### ACTION ITEM
Restate word for word the lines of the entries below, starting with the line that holds "unfolding pair_factor_ratio_right_def factors" and ending with the line that holds "(1 - q powi", and no others.
[DATA SHOWN — start]
lemma pair_factor_ratio_left_eq_joukowski:
  fixes q A B u v :: "'a::field"
  assumes nz: "q \<noteq> 0" "A \<noteq> 0" "B \<noteq> 0" "u \<noteq> 0" "v \<noteq> 0"
    and "q * B * u \<noteq> A * v" "B * u \<noteq> A * v" "u * v \<noteq> A * B"
  defines "Z \<equiv> A * v / (q * B * u)"
  shows "- (q * Z) / ((1 - Z) * (1 - q * Z)) * pair_factor_ratio_left q A B u v
         = q * ((joukowski (u / A) - joukowski v) / (joukowski (u / A) - joukowski (v / B)))"
proof -
  define X Y D where "X = q * B * u - A * v" and "Y = B * u - A * v" and "D = u * v - A * B"
  have XYD: "X \<noteq> 0" "Y \<noteq> 0" "D \<noteq> 0"
    using assms unfolding X_def Y_def D_def by auto
  have factors: "1 - Z = X / (q * B * u)" "1 - q * Z = Y / (B * u)"
    "1 - q * B * u / (A * v) = - X / (A * v)" "1 - A * B / (u * v) = D / (u * v)"
    using nz unfolding Z_def X_def Y_def D_def by (simp_all add: field_simps)
  have differences: "joukowski (u / A) - joukowski v = (u - A * v) * (u * v - A) / (A * u * v)"
    "joukowski (u / A) - joukowski (v / B) = Y * D / (A * B * u * v)"
    using nz joukowski_divide_diff[of A 1 u v] joukowski_divide_diff[OF nz(2-5)]
    unfolding Y_def D_def by simp_all
  show ?thesis
    unfolding pair_factor_ratio_left_def factors differences using nz XYD unfolding Z_def
    by (simp add: field_simps)
qed

lemma pair_factor_ratio_right_eq_joukowski:
  fixes A B u v :: "'a::field"
  assumes nz: "A \<noteq> 0" "B \<noteq> 0" "u \<noteq> 0" "v \<noteq> 0"
    and "A * v \<noteq> B * u" "u * v \<noteq> A * B"
  shows "pair_factor_ratio_right A B u v
         = (joukowski (v / B) - joukowski u) / (joukowski (v / B) - joukowski (u / A))"
proof -
  define Y D where "Y = A * v - B * u" and "D = u * v - A * B"
  have YD: "Y \<noteq> 0" "D \<noteq> 0"
    using assms unfolding Y_def D_def by auto
  have factors: "1 - B * u / (A * v) = Y / (A * v)" "1 - A * B / (u * v) = D / (u * v)"
    using nz unfolding Y_def D_def by (simp_all add: field_simps)
  have differences: "joukowski (v / B) - joukowski u = (v - B * u) * (u * v - B) / (B * u * v)"
    "joukowski (v / B) - joukowski (u / A) = Y * D / (A * B * u * v)"
    using nz joukowski_divide_diff[of B 1 v u] joukowski_divide_diff[of B A v u]
    unfolding Y_def D_def by (simp_all add: field_simps)
  show ?thesis
    unfolding pair_factor_ratio_right_def factors differences using nz YD by (simp add: field_simps)
qed

definition rhs_coefficient ::
    "nat \<Rightarrow> complex \<Rightarrow> (nat \<Rightarrow> complex) \<Rightarrow> (nat \<Rightarrow> int) \<Rightarrow> nat \<Rightarrow> complex" where
  "rhs_coefficient N q s \<theta> k =
     s N * ((-1) ^ (N - k + 1) * q powi (- \<theta> N + (if k = N then 1 else 0)) * q ^ (N - k)
            * (\<Prod>i\<in>{k+1..N-1}. q powi (- \<theta> i + \<theta> k - 1) * s i / s k))
     / (\<Prod>i\<in>{k+1..N}. (1 - q powi (- \<theta> i + \<theta> k - 1) * s i / s k)
                        * (1 - q * q powi (- \<theta> i + \<theta> k - 1) * s i / s k))"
[DATA SHOWN — finish]
### WRITTEN SOLUTION
    unfolding pair_factor_ratio_right_def factors differences using nz YD by (simp add: field_simps)
qed

definition rhs_coefficient ::
    "nat \<Rightarrow> complex \<Rightarrow> (nat \<Rightarrow> complex) \<Rightarrow> (nat \<Rightarrow> int) \<Rightarrow> nat \<Rightarrow> complex" where
  "rhs_coefficient N q s \<theta> k =
     s N * ((-1) ^ (N - k + 1) * q powi (- \<theta> N + (if k = N then 1 else 0)) * q ^ (N - k)
            * (\<Prod>i\<in>{k+1..N-1}. q powi (- \<theta> i + \<theta> k - 1) * s i / s k))
     / (\<Prod>i\<in>{k+1..N}. (1 - q powi (- \<theta> i + \<theta> k - 1) * s i / s k)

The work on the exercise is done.